*WHAT TO PRODUCE*
Once you have read the records below, report how many lines contain the word "obtains", and give nothing besides that number.

*DATA UNDER STUDY*
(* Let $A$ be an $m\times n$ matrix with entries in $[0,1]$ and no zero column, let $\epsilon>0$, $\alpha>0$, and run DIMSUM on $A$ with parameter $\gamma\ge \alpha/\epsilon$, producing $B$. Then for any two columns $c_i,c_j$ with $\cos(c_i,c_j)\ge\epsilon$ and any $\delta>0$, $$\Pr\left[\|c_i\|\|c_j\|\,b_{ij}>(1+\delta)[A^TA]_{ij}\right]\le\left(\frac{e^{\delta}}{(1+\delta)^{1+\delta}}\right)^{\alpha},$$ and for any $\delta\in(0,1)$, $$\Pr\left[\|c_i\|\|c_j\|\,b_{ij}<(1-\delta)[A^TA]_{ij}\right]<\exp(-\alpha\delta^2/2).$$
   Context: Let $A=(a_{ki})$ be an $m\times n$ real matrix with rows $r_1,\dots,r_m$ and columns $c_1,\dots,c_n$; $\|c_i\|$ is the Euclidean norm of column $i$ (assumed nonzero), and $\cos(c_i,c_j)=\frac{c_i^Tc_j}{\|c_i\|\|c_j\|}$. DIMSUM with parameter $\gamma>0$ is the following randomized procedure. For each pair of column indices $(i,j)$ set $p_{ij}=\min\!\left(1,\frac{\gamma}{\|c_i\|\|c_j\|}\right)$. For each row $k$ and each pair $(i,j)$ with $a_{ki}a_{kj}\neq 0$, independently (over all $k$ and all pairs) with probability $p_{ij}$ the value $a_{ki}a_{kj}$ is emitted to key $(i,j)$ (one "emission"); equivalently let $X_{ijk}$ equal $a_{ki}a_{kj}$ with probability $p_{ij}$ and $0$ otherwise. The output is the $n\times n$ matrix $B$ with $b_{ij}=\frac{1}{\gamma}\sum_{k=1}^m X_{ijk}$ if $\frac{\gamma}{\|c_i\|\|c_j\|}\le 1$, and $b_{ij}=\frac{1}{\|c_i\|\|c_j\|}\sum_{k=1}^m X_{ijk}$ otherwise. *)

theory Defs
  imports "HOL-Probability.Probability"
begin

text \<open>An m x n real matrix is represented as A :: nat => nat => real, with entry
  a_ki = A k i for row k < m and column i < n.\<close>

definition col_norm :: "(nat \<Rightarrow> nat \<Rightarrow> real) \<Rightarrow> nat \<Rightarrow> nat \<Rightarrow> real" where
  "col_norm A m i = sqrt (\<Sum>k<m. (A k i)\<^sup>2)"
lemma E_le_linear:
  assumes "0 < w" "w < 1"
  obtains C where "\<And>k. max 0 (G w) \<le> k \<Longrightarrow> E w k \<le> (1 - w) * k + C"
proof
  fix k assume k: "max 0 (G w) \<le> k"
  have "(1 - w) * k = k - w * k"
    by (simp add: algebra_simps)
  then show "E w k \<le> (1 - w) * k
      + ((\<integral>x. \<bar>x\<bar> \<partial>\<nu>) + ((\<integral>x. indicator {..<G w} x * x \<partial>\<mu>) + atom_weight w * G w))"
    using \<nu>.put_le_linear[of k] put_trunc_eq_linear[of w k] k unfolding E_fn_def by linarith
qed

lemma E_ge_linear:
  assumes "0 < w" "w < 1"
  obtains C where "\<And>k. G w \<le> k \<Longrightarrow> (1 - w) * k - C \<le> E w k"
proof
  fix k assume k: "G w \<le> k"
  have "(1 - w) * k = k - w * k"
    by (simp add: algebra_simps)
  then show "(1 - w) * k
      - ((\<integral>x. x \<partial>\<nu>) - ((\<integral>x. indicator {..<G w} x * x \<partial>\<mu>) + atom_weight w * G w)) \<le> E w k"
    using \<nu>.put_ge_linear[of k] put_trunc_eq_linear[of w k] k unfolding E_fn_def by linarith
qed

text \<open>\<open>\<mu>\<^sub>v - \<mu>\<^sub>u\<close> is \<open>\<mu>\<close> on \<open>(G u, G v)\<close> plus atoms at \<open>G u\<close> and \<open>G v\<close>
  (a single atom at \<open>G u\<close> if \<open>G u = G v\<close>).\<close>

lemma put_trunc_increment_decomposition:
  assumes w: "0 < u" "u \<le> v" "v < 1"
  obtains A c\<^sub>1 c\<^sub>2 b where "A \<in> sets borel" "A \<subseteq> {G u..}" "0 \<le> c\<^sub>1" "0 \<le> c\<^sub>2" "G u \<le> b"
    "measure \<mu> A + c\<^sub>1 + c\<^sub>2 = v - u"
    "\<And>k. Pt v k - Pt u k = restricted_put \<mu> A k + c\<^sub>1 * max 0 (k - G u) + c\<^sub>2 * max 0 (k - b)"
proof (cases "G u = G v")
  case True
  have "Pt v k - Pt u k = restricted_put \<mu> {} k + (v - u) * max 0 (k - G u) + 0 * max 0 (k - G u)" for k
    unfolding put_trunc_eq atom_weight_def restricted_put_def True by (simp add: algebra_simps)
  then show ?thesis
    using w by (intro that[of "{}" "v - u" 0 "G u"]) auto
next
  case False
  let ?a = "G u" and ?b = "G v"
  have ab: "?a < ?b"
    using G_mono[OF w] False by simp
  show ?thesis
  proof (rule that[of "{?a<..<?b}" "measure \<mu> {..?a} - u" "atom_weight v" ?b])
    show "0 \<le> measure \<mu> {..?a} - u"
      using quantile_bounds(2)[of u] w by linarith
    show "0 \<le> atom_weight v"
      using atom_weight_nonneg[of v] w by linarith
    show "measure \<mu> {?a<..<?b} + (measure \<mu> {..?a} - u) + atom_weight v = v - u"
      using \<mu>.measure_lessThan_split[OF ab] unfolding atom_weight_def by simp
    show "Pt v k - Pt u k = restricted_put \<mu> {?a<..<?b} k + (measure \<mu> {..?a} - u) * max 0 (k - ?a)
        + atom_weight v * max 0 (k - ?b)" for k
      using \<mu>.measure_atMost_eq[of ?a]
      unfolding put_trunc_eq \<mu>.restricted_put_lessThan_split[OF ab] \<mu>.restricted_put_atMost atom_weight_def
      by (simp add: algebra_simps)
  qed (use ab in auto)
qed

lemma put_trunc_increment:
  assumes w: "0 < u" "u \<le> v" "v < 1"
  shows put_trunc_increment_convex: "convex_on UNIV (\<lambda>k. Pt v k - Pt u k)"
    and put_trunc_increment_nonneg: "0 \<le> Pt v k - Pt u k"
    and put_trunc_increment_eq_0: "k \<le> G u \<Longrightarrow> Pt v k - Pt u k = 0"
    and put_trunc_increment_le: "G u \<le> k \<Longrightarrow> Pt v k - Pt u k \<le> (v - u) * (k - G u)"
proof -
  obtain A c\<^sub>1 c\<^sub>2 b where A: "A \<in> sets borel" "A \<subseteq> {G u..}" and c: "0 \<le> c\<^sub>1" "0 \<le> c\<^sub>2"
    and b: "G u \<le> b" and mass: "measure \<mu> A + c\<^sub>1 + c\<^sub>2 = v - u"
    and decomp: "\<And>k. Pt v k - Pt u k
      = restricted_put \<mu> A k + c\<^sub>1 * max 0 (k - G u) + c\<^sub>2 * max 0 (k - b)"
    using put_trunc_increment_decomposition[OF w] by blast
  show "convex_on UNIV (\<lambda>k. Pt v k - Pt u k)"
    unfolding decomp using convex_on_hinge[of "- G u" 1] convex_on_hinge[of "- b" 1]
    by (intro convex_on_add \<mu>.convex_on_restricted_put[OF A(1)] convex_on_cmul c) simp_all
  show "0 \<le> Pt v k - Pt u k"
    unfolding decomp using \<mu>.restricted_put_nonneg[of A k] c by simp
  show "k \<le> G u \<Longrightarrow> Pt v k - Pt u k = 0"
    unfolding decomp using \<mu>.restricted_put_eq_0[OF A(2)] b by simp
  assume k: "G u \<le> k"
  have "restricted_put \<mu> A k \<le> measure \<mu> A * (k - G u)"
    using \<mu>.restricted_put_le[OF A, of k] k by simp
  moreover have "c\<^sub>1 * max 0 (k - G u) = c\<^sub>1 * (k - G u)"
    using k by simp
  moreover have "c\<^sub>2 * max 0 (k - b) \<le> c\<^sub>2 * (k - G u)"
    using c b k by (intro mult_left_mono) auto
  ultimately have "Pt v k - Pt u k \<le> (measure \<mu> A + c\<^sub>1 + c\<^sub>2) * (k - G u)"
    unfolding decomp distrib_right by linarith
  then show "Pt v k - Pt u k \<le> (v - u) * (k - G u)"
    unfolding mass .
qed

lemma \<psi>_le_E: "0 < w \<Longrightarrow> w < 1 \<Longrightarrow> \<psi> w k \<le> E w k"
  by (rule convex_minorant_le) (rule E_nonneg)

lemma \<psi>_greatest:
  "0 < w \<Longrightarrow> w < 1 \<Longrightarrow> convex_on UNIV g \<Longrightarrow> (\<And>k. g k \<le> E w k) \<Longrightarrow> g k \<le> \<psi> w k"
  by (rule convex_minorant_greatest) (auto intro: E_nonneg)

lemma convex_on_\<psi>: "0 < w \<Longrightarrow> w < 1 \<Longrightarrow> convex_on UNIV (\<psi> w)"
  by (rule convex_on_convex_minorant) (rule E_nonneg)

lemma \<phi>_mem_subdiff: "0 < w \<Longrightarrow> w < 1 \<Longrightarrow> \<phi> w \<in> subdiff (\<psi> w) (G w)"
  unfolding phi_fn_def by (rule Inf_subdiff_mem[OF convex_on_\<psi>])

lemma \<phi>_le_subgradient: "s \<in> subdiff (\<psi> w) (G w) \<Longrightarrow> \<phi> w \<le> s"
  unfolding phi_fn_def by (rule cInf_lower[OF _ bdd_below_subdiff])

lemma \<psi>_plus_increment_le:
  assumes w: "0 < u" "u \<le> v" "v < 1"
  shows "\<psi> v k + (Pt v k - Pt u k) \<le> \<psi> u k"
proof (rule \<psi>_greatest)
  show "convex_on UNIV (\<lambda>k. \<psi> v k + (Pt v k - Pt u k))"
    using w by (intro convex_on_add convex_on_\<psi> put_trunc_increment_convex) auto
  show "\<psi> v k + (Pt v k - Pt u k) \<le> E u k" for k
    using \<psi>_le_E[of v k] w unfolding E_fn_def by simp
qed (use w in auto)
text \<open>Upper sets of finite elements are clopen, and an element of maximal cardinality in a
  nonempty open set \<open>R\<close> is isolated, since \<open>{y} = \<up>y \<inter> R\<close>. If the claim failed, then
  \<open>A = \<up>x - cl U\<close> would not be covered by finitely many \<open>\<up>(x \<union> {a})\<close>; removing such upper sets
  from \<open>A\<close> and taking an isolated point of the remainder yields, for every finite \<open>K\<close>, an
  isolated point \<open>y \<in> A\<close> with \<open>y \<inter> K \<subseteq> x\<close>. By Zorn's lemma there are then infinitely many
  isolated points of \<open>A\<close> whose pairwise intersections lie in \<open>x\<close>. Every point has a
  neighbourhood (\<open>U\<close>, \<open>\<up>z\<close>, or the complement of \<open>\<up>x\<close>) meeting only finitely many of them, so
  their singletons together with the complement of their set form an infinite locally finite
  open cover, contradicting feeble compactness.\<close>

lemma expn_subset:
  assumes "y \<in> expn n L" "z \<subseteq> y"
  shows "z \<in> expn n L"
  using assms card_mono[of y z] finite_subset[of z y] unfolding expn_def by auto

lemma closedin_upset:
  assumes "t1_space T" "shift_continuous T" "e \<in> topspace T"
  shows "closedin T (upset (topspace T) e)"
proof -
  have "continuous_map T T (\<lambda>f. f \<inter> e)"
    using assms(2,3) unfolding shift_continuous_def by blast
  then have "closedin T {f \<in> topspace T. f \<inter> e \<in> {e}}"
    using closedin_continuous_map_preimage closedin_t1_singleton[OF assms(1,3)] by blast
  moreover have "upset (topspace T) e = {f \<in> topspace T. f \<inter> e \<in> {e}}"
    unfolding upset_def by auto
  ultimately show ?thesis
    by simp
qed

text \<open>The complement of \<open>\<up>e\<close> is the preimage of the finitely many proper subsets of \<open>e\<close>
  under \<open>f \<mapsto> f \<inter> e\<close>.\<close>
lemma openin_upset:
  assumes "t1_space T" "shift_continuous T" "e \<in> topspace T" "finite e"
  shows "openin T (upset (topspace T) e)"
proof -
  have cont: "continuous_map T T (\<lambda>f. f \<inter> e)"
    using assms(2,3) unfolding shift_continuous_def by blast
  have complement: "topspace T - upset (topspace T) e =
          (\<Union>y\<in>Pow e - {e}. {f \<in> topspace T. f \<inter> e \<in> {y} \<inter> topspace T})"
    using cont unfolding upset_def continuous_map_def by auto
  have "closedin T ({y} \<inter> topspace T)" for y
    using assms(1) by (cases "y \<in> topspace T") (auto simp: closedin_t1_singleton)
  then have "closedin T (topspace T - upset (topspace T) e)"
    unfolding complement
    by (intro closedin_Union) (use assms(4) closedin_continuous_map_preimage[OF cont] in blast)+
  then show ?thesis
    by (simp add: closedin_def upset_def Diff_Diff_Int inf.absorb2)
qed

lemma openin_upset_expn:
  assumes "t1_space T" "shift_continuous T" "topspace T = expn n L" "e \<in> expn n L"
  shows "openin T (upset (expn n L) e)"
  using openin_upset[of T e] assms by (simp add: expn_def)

*SOLUTION TO THIS EXERCISE*
3